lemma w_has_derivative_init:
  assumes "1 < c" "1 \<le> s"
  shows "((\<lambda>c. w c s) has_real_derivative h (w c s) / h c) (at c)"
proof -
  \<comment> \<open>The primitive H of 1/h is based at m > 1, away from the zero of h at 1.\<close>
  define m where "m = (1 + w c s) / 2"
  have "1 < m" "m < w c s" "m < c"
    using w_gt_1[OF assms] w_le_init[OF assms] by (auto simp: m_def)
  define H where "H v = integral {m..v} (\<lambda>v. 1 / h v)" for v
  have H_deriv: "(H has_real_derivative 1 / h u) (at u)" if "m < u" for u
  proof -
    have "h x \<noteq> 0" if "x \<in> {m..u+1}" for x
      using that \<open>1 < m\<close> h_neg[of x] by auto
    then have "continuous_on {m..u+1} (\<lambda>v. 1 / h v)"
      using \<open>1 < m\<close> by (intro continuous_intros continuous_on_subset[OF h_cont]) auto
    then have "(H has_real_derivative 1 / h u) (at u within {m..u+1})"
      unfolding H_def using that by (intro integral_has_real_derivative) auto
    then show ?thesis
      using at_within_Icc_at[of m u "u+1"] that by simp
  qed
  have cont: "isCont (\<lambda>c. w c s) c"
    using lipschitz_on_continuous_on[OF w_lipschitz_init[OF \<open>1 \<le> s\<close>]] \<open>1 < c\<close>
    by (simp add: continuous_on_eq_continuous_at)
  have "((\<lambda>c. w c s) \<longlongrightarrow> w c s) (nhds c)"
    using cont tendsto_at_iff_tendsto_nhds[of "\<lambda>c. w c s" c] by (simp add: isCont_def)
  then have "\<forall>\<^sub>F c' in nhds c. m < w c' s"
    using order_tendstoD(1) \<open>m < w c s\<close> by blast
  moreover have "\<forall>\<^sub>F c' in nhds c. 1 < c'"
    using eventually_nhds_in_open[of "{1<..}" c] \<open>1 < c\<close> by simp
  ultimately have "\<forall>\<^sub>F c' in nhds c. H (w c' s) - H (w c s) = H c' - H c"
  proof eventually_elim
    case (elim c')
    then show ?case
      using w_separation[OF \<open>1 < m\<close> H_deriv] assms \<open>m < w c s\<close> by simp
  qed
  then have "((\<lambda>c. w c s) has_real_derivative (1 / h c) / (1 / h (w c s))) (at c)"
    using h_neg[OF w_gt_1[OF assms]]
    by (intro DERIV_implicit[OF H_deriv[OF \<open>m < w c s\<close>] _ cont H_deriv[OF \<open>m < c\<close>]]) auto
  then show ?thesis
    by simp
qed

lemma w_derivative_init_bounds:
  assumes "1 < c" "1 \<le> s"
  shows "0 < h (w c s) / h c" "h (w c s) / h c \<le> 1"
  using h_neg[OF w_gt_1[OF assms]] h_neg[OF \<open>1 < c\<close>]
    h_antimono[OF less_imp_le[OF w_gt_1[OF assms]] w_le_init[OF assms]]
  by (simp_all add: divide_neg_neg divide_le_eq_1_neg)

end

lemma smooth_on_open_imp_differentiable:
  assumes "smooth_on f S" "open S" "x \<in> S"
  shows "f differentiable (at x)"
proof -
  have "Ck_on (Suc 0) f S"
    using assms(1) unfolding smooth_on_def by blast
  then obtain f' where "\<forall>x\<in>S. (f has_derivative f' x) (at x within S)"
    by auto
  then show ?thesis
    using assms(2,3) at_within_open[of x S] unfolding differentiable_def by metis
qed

■ ■ ■ ■

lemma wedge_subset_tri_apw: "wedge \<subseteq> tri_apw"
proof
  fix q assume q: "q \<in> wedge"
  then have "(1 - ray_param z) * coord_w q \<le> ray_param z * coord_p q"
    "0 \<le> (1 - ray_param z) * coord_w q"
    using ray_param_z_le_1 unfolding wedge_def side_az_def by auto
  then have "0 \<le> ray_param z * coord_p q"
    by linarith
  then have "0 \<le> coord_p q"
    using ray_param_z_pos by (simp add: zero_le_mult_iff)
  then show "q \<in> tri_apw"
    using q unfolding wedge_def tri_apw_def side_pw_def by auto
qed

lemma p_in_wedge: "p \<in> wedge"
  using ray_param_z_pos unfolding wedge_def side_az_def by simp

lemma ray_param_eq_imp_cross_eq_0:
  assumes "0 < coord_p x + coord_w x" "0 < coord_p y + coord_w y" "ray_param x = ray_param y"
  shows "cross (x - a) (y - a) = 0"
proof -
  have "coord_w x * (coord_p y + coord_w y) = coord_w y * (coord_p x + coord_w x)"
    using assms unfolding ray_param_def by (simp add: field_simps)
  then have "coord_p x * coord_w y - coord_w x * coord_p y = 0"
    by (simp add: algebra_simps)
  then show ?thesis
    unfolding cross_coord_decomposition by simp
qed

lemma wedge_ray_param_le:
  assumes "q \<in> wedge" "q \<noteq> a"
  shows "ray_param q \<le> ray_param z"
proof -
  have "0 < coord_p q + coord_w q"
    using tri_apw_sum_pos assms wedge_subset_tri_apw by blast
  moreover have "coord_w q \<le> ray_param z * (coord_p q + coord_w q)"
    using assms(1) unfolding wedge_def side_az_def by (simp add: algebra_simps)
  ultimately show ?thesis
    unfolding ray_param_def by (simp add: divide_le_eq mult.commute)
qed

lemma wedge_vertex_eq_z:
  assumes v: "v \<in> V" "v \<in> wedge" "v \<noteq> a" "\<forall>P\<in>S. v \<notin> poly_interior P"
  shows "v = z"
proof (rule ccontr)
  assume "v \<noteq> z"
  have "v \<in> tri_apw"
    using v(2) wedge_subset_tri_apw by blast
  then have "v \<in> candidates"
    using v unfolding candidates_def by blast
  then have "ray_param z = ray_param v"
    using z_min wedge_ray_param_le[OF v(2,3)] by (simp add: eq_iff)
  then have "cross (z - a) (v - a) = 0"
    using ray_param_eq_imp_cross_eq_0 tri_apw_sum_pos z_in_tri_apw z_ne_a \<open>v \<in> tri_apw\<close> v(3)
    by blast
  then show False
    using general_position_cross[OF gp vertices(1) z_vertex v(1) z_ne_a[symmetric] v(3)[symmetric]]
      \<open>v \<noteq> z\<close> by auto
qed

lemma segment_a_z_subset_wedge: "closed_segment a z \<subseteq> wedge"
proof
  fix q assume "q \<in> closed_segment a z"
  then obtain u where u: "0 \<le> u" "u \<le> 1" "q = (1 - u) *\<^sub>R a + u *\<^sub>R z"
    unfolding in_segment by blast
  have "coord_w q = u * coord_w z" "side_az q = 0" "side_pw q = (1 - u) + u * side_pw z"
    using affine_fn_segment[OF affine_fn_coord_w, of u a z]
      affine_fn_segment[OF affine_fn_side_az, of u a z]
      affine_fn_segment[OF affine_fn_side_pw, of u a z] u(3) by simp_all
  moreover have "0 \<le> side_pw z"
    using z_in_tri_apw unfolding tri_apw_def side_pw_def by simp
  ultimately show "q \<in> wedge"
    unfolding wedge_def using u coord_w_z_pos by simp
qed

■ ■ ■ ■

▶ [Problem to work on]: In the entries above, find the line holding "by linarith" and the line holding "< coord_p x"; print both of them and every line between, exactly, and nothing else.

▶ [Answer box]:
    by linarith
  then have "0 \<le> coord_p q"
    using ray_param_z_pos by (simp add: zero_le_mult_iff)
  then show "q \<in> tri_apw"
    using q unfolding wedge_def tri_apw_def side_pw_def by auto
qed

lemma p_in_wedge: "p \<in> wedge"
  using ray_param_z_pos unfolding wedge_def side_az_def by simp

lemma ray_param_eq_imp_cross_eq_0:
  assumes "0 < coord_p x + coord_w x" "0 < coord_p y + coord_w y" "ray_param x = ray_param y"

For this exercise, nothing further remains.